(Recorded data)

lemma alt_elem_swap:
  assumes "alt_elem l H" "set xs \<subseteq> {1..2*l}" "i < length xs" "j < length xs" "i \<noteq> j"
  shows "H (xs[i := xs ! j, j := xs ! i]) = - H xs"
  using assms unfolding alt_elem_def by blast

lemma alt_elem_interleave_transpose_fst:
  assumes "alt_elem l H" "set (interleave A B m) \<subseteq> {1..2*l}" "i < m" "j < m" "i \<noteq> j"
  shows "H (interleave (A \<circ> transpose i j) B m) = - H (interleave A B m)"
  unfolding interleave_transpose_fst[OF assms(3,4)] using assms by (intro alt_elem_swap) auto

lemma alt_elem_interleave_transpose_snd:
  assumes "alt_elem l H" "set (interleave A B m) \<subseteq> {1..2*l}" "i < m" "j < m" "i \<noteq> j"
  shows "H (interleave A (B \<circ> transpose i j) m) = - H (interleave A B m)"
  unfolding interleave_transpose_snd[OF assms(3,4)] using assms by (intro alt_elem_swap) auto

lemma alt_elem_interleave_exchange:
  assumes "alt_elem l H" "\<And>j. j < m \<Longrightarrow> A j \<in> {1..2*l} \<and> B j \<in> {1..2*l}" "k \<le> m"
  shows "H (interleave (\<lambda>j. if j < k then B j else A j) (\<lambda>j. if j < k then A j else B j) m)
    = (-1) ^ k * H (interleave A B m)"
  using assms(3)
proof (induction k)
  case (Suc k)
  have "set (interleave (\<lambda>j. if j < k then B j else A j) (\<lambda>j. if j < k then A j else B j) m)
      \<subseteq> {1..2*l}"
    by (rule set_interleave_subset) (use assms(2) in auto)
  with Suc show ?case
    unfolding interleave_exchange_step[OF Suc_le_lessD[OF Suc.prems]]
    using alt_elem_swap[OF assms(1)] by simp
qed simp

section \<open>Eulerian graphs with compatible local orderings\<close>

lemma odd_less_eq_image: "even (n::nat) \<Longrightarrow> {i. odd i \<and> i < n} = (\<lambda>j. 2*j+1) ` {..<n div 2}"
proof (intro set_eqI iffI)
  fix i assume "even n" "i \<in> {i. odd i \<and> i < n}"
  then have "i = 2 * (i div 2) + 1" "i div 2 < n div 2" by auto
  then show "i \<in> (\<lambda>j. 2*j+1) ` {..<n div 2}" by (metis lessThan_iff rev_image_eqI)
qed auto

lemma even_between_eq_image: "even (n::nat) \<Longrightarrow> {i. even i \<and> 2 \<le> i \<and> i \<le> n} = (\<lambda>j. 2*j+2) ` {..<n div 2}"
proof (intro set_eqI iffI)
  fix i assume "even n" "i \<in> {i. even i \<and> 2 \<le> i \<and> i \<le> n}"
  then have "i = 2 * (i div 2 - 1) + 2" "i div 2 - 1 < n div 2" by auto
  then show "i \<in> (\<lambda>j. 2*j+2) ` {..<n div 2}" by (metis lessThan_iff rev_image_eqI)
qed auto

lemma transpose_inj_on_apply:
  "inj_on f A \<Longrightarrow> i \<in> A \<Longrightarrow> k \<in> A \<Longrightarrow> j \<in> A \<Longrightarrow> transpose (f i) (f k) (f j) = f (transpose i k j)"
  by (auto simp: transpose_def inj_on_eq_iff)

lemma prod_eq_neg_if_one_factor_neg:
  assumes "finite V" "v \<in> V" "g' v = - g v" "\<And>w. w \<in> V \<Longrightarrow> w \<noteq> v \<Longrightarrow> g' w = g w"
  shows "(\<Prod>w\<in>V. g' w) = - (\<Prod>w\<in>V. g w :: 'a :: comm_ring_1)"
proof -
  have "(\<Prod>w\<in>V - {v}. g' w) = (\<Prod>w\<in>V - {v}. g w)" using assms(4) by (intro prod.cong) auto
  then show ?thesis using prod.remove[OF assms(1,2), of g'] prod.remove[OF assms(1,2), of g] assms(3)
    by simp
qed

lemma in_arcs_head: "x \<in> E \<Longrightarrow> x \<in> in_arcs E \<omega> (snd (\<omega> x))"
  unfolding in_arcs_def by simp

lemma in_arcs_subset: "in_arcs E \<omega> v \<subseteq> E" and out_arcs_subset: "out_arcs E \<omega> v \<subseteq> E"
  unfolding in_arcs_def out_arcs_def by auto

lemma circuits_eq_orbits: "circuits E \<omega> km kp = orbit_from (next_arc E \<omega> km kp) ` E"
  unfolding circuits_def orbit_from_def by auto

locale eulerian_graph =
  fixes V :: "'v set" and E :: "'e set" and ends :: "'e \<Rightarrow> 'v \<times> 'v"
  assumes graph: "graph V E ends" and eulerian: "eulerian V E ends"
begin

definition admissible :: "('e \<Rightarrow> 'v \<times> 'v) \<Rightarrow> ('v \<Rightarrow> 'e \<Rightarrow> nat) \<Rightarrow> ('v \<Rightarrow> 'e \<Rightarrow> nat) \<Rightarrow> bool" where
  "admissible \<omega> km kp \<longleftrightarrow> eulerian_orientation V E ends \<omega> \<and> compatible_ordering V E ends \<omega> km kp"

abbreviation half_deg :: "'v \<Rightarrow> nat" where
  "half_deg v \<equiv> deg E ends v div 2"

abbreviation in_arc :: "('e \<Rightarrow> 'v \<times> 'v) \<Rightarrow> ('v \<Rightarrow> 'e \<Rightarrow> nat) \<Rightarrow> ('v \<Rightarrow> 'e \<Rightarrow> nat) \<Rightarrow> 'v \<Rightarrow> nat \<Rightarrow> 'e" where
  "in_arc \<omega> km kp v j \<equiv> arc_lab E \<omega> km kp v (2*j+1)"

abbreviation out_arc :: "('e \<Rightarrow> 'v \<times> 'v) \<Rightarrow> ('v \<Rightarrow> 'e \<Rightarrow> nat) \<Rightarrow> ('v \<Rightarrow> 'e \<Rightarrow> nat) \<Rightarrow> 'v \<Rightarrow> nat \<Rightarrow> 'e" where
  "out_arc \<omega> km kp v j \<equiv> arc_lab E \<omega> km kp v (2*j+2)"

lemma finite_E: "finite E" and finite_V: "finite V"
  using graph unfolding graph_def by auto

lemma even_deg: "v \<in> V \<Longrightarrow> even (deg E ends v)"
  using eulerian unfolding eulerian_def by auto

context
  fixes \<omega> km kp
  assumes adm: "admissible \<omega> km kp"
begin

lemma head_in_V: "e \<in> E \<Longrightarrow> snd (\<omega> e) \<in> V"
  and tail_in_V: "e \<in> E \<Longrightarrow> fst (\<omega> e) \<in> V"
proof -
  assume e: "e \<in> E"
  have "\<omega> e = ends e \<or> \<omega> e = prod.swap (ends e)"
    using adm e unfolding admissible_def eulerian_orientation_def orientation_def by blast
  moreover have "fst (ends e) \<in> V" "snd (ends e) \<in> V" using graph e unfolding graph_def by auto
  ultimately show "snd (\<omega> e) \<in> V" "fst (\<omega> e) \<in> V" by (cases "ends e", auto)+
qed

lemma bij_betw_in_labels:
  assumes "v \<in> V"
  shows "bij_betw (km v) (in_arcs E \<omega> v) ((\<lambda>j. 2*j+1) ` {..<half_deg v})"
proof -
  have "bij_betw (km v) (in_arcs E \<omega> v) {i. odd i \<and> i < deg E ends v}"
    using adm assms unfolding admissible_def compatible_ordering_def by blast
  then show ?thesis unfolding odd_less_eq_image[OF even_deg[OF assms]] .
qed

lemma bij_betw_out_labels:
  assumes "v \<in> V"
  shows "bij_betw (kp v) (out_arcs E \<omega> v) ((\<lambda>j. 2*j+2) ` {..<half_deg v})"
proof -
  have "bij_betw (kp v) (out_arcs E \<omega> v) {i. even i \<and> 2 \<le> i \<and> i \<le> deg E ends v}"
    using adm assms unfolding admissible_def compatible_ordering_def by blast
  then show ?thesis unfolding even_between_eq_image[OF even_deg[OF assms]] .
qed

lemma in_label_cases: "v \<in> V \<Longrightarrow> e \<in> in_arcs E \<omega> v \<Longrightarrow> \<exists>j<half_deg v. km v e = 2*j+1"
  using bij_betw_apply[OF bij_betw_in_labels] by blast

lemma out_label_cases: "v \<in> V \<Longrightarrow> e \<in> out_arcs E \<omega> v \<Longrightarrow> \<exists>j<half_deg v. kp v e = 2*j+2"
  using bij_betw_apply[OF bij_betw_out_labels] by blast

lemma in_arc_eqI:
  assumes "v \<in> V" "e \<in> in_arcs E \<omega> v" "km v e = 2*j+1"
  shows "in_arc \<omega> km kp v j = e"
proof -
  have "inj_on (km v) (in_arcs E \<omega> v)" using bij_betw_in_labels[OF assms(1)] by (rule bij_betw_imp_inj_on)
  then have "(THE e. e \<in> in_arcs E \<omega> v \<and> km v e = 2*j+1) = e"
    using assms by (intro the_equality) (auto simp: inj_on_def)
  then show ?thesis unfolding arc_lab_def by simp
qed

lemma out_arc_eqI:
  assumes "v \<in> V" "e \<in> out_arcs E \<omega> v" "kp v e = 2*j+2"
  shows "out_arc \<omega> km kp v j = e"
proof -
  have "inj_on (kp v) (out_arcs E \<omega> v)" using bij_betw_out_labels[OF assms(1)] by (rule bij_betw_imp_inj_on)
  then have "(THE e. e \<in> out_arcs E \<omega> v \<and> kp v e = 2*j+2) = e"
    using assms by (intro the_equality) (auto simp: inj_on_def)
  then show ?thesis unfolding arc_lab_def by simp
qed

lemma in_arc_mem:
  assumes "v \<in> V" "j < half_deg v"
  shows "in_arc \<omega> km kp v j \<in> in_arcs E \<omega> v \<and> km v (in_arc \<omega> km kp v j) = 2*j+1"
proof -
  have "2*j+1 \<in> km v ` in_arcs E \<omega> v"
    using bij_betw_imp_surj_on[OF bij_betw_in_labels[OF assms(1)]] assms(2) by auto
  then obtain e where "e \<in> in_arcs E \<omega> v" "km v e = 2*j+1" by force
  then show ?thesis using in_arc_eqI[OF assms(1)] by simp
qed

lemma out_arc_mem:
  assumes "v \<in> V" "j < half_deg v"
  shows "out_arc \<omega> km kp v j \<in> out_arcs E \<omega> v \<and> kp v (out_arc \<omega> km kp v j) = 2*j+2"
proof -
  have "2*j+2 \<in> kp v ` out_arcs E \<omega> v"
    using bij_betw_imp_surj_on[OF bij_betw_out_labels[OF assms(1)]] assms(2) by auto
  then obtain e where "e \<in> out_arcs E \<omega> v" "kp v e = 2*j+2" by force
  then show ?thesis using out_arc_eqI[OF assms(1)] by simp
qed

lemma in_arc_in_E: "v \<in> V \<Longrightarrow> j < half_deg v \<Longrightarrow> in_arc \<omega> km kp v j \<in> E"
  using in_arc_mem in_arcs_subset[of E \<omega> v] by blast

lemma out_arc_in_E: "v \<in> V \<Longrightarrow> j < half_deg v \<Longrightarrow> out_arc \<omega> km kp v j \<in> E"
  using out_arc_mem out_arcs_subset[of E \<omega> v] by blast

lemma bij_betw_in_arc:
  assumes "v \<in> V"
  shows "bij_betw (in_arc \<omega> km kp v) {..<half_deg v} (in_arcs E \<omega> v)"
proof (rule bij_betwI[where g = "\<lambda>e. km v e div 2"])
  show "in_arc \<omega> km kp v \<in> {..<half_deg v} \<rightarrow> in_arcs E \<omega> v"
    using in_arc_mem[OF assms] by simp
  show "(\<lambda>e. km v e div 2) \<in> in_arcs E \<omega> v \<rightarrow> {..<half_deg v}"
    using in_label_cases[OF assms] by fastforce
  show "km v (in_arc \<omega> km kp v j) div 2 = j" if "j \<in> {..<half_deg v}" for j
    using in_arc_mem[OF assms] that by simp
  show "in_arc \<omega> km kp v (km v e div 2) = e" if "e \<in> in_arcs E \<omega> v" for e
    using in_label_cases[OF assms that] in_arc_eqI[OF assms that] by force
qed

lemma bij_betw_out_arc:
  assumes "v \<in> V"
  shows "bij_betw (out_arc \<omega> km kp v) {..<half_deg v} (out_arcs E \<omega> v)"
proof (rule bij_betwI[where g = "\<lambda>e. kp v e div 2 - 1"])
  show "out_arc \<omega> km kp v \<in> {..<half_deg v} \<rightarrow> out_arcs E \<omega> v"
    using out_arc_mem[OF assms] by simp
  show "(\<lambda>e. kp v e div 2 - 1) \<in> out_arcs E \<omega> v \<rightarrow> {..<half_deg v}"
    using out_label_cases[OF assms] by fastforce
  show "kp v (out_arc \<omega> km kp v j) div 2 - 1 = j" if "j \<in> {..<half_deg v}" for j
    using out_arc_mem[OF assms] that by simp
  show "out_arc \<omega> km kp v (kp v e div 2 - 1) = e" if "e \<in> out_arcs E \<omega> v" for e
    using out_label_cases[OF assms that] out_arc_eqI[OF assms that] by force
qed

lemma next_arc_mem:
  assumes "x \<in> E"
  shows "next_arc E \<omega> km kp x \<in> out_arcs E \<omega> (snd (\<omega> x))
    \<and> kp (snd (\<omega> x)) (next_arc E \<omega> km kp x) = km (snd (\<omega> x)) x + 1"
proof -
  obtain j where "j < half_deg (snd (\<omega> x))" "km (snd (\<omega> x)) x = 2*j+1"
    using in_label_cases[OF head_in_V[OF assms] in_arcs_head[OF assms]] by blast
  then show ?thesis using out_arc_mem[OF head_in_V[OF assms]] unfolding next_arc_def by simp
qed

lemma next_arc_eqI:
  assumes "x \<in> E" "y \<in> out_arcs E \<omega> (snd (\<omega> x))" "kp (snd (\<omega> x)) y = km (snd (\<omega> x)) x + 1"
  shows "next_arc E \<omega> km kp x = y"
proof -
  have "inj_on (kp (snd (\<omega> x))) (out_arcs E \<omega> (snd (\<omega> x)))"
    by (rule bij_betw_imp_inj_on[OF bij_betw_out_labels[OF head_in_V[OF assms(1)]]])
  moreover have "kp (snd (\<omega> x)) (next_arc E \<omega> km kp x) = kp (snd (\<omega> x)) y"
    using next_arc_mem[OF assms(1)] assms(3) by simp
  ultimately show ?thesis using next_arc_mem[OF assms(1)] assms(2) by (blast dest: inj_onD)
qed

lemma next_arc_in_E: "x \<in> E \<Longrightarrow> next_arc E \<omega> km kp x \<in> E"
  using next_arc_mem out_arcs_subset[of E \<omega> "snd (\<omega> x)"] by blast

lemma inj_on_next_arc: "inj_on (next_arc E \<omega> km kp) E"
proof (rule inj_onI)
  fix x y assume x: "x \<in> E" and y: "y \<in> E" and eq: "next_arc E \<omega> km kp x = next_arc E \<omega> km kp y"
  have head: "snd (\<omega> x) = snd (\<omega> y)"
    using next_arc_mem[OF x] next_arc_mem[OF y] unfolding eq out_arcs_def by simp
  then have "km (snd (\<omega> x)) x = km (snd (\<omega> x)) y"
    using next_arc_mem[OF x] next_arc_mem[OF y] unfolding eq by simp
  moreover have "inj_on (km (snd (\<omega> x))) (in_arcs E \<omega> (snd (\<omega> x)))"
    by (rule bij_betw_imp_inj_on[OF bij_betw_in_labels[OF head_in_V[OF x]]])
  moreover have "y \<in> in_arcs E \<omega> (snd (\<omega> x))" unfolding head by (rule in_arcs_head[OF y])
  ultimately show "x = y" using in_arcs_head[OF x] by (blast dest: inj_onD)
qed

lemma permutes_next_arc: "perm_restrict (next_arc E \<omega> km kp) E permutes E"
  by (rule permutes_perm_restrict[OF finite_E _ inj_on_next_arc]) (use next_arc_in_E in auto)

lemma num_circuits_eq_card_orbits:
  "num_circuits E \<omega> km kp = card (orbit_from (perm_restrict (next_arc E \<omega> km kp) E) ` E)"
proof -
  have sub: "next_arc E \<omega> km kp ` E \<subseteq> E" using next_arc_in_E by auto
  have "orbit_from (perm_restrict (next_arc E \<omega> km kp) E) ` E = orbit_from (next_arc E \<omega> km kp) ` E"
    by (rule image_cong[OF refl orbit_from_perm_restrict[OF sub]])
  then show ?thesis unfolding num_circuits_def circuits_eq_orbits by simp
qed

end

end

lemma f_idx_range: "x \<in> {1..2*l} \<Longrightarrow> f_idx l x \<in> {1..2*l}"
  unfolding f_idx_def by auto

### [Task statement]
Of the lines above, extract only those from the line with "km kp v (kp" to the line with "y = km (snd", both included, exactly as written.

### [Task output]
  show "out_arc \<omega> km kp v (kp v e div 2 - 1) = e" if "e \<in> out_arcs E \<omega> v" for e
    using out_label_cases[OF assms that] out_arc_eqI[OF assms that] by force
qed

lemma next_arc_mem:
  assumes "x \<in> E"
  shows "next_arc E \<omega> km kp x \<in> out_arcs E \<omega> (snd (\<omega> x))
    \<and> kp (snd (\<omega> x)) (next_arc E \<omega> km kp x) = km (snd (\<omega> x)) x + 1"
proof -
  obtain j where "j < half_deg (snd (\<omega> x))" "km (snd (\<omega> x)) x = 2*j+1"
    using in_label_cases[OF head_in_V[OF assms] in_arcs_head[OF assms]] by blast
  then show ?thesis using out_arc_mem[OF head_in_V[OF assms]] unfolding next_arc_def by simp
qed

lemma next_arc_eqI:
  assumes "x \<in> E" "y \<in> out_arcs E \<omega> (snd (\<omega> x))" "kp (snd (\<omega> x)) y = km (snd (\<omega> x)) x + 1"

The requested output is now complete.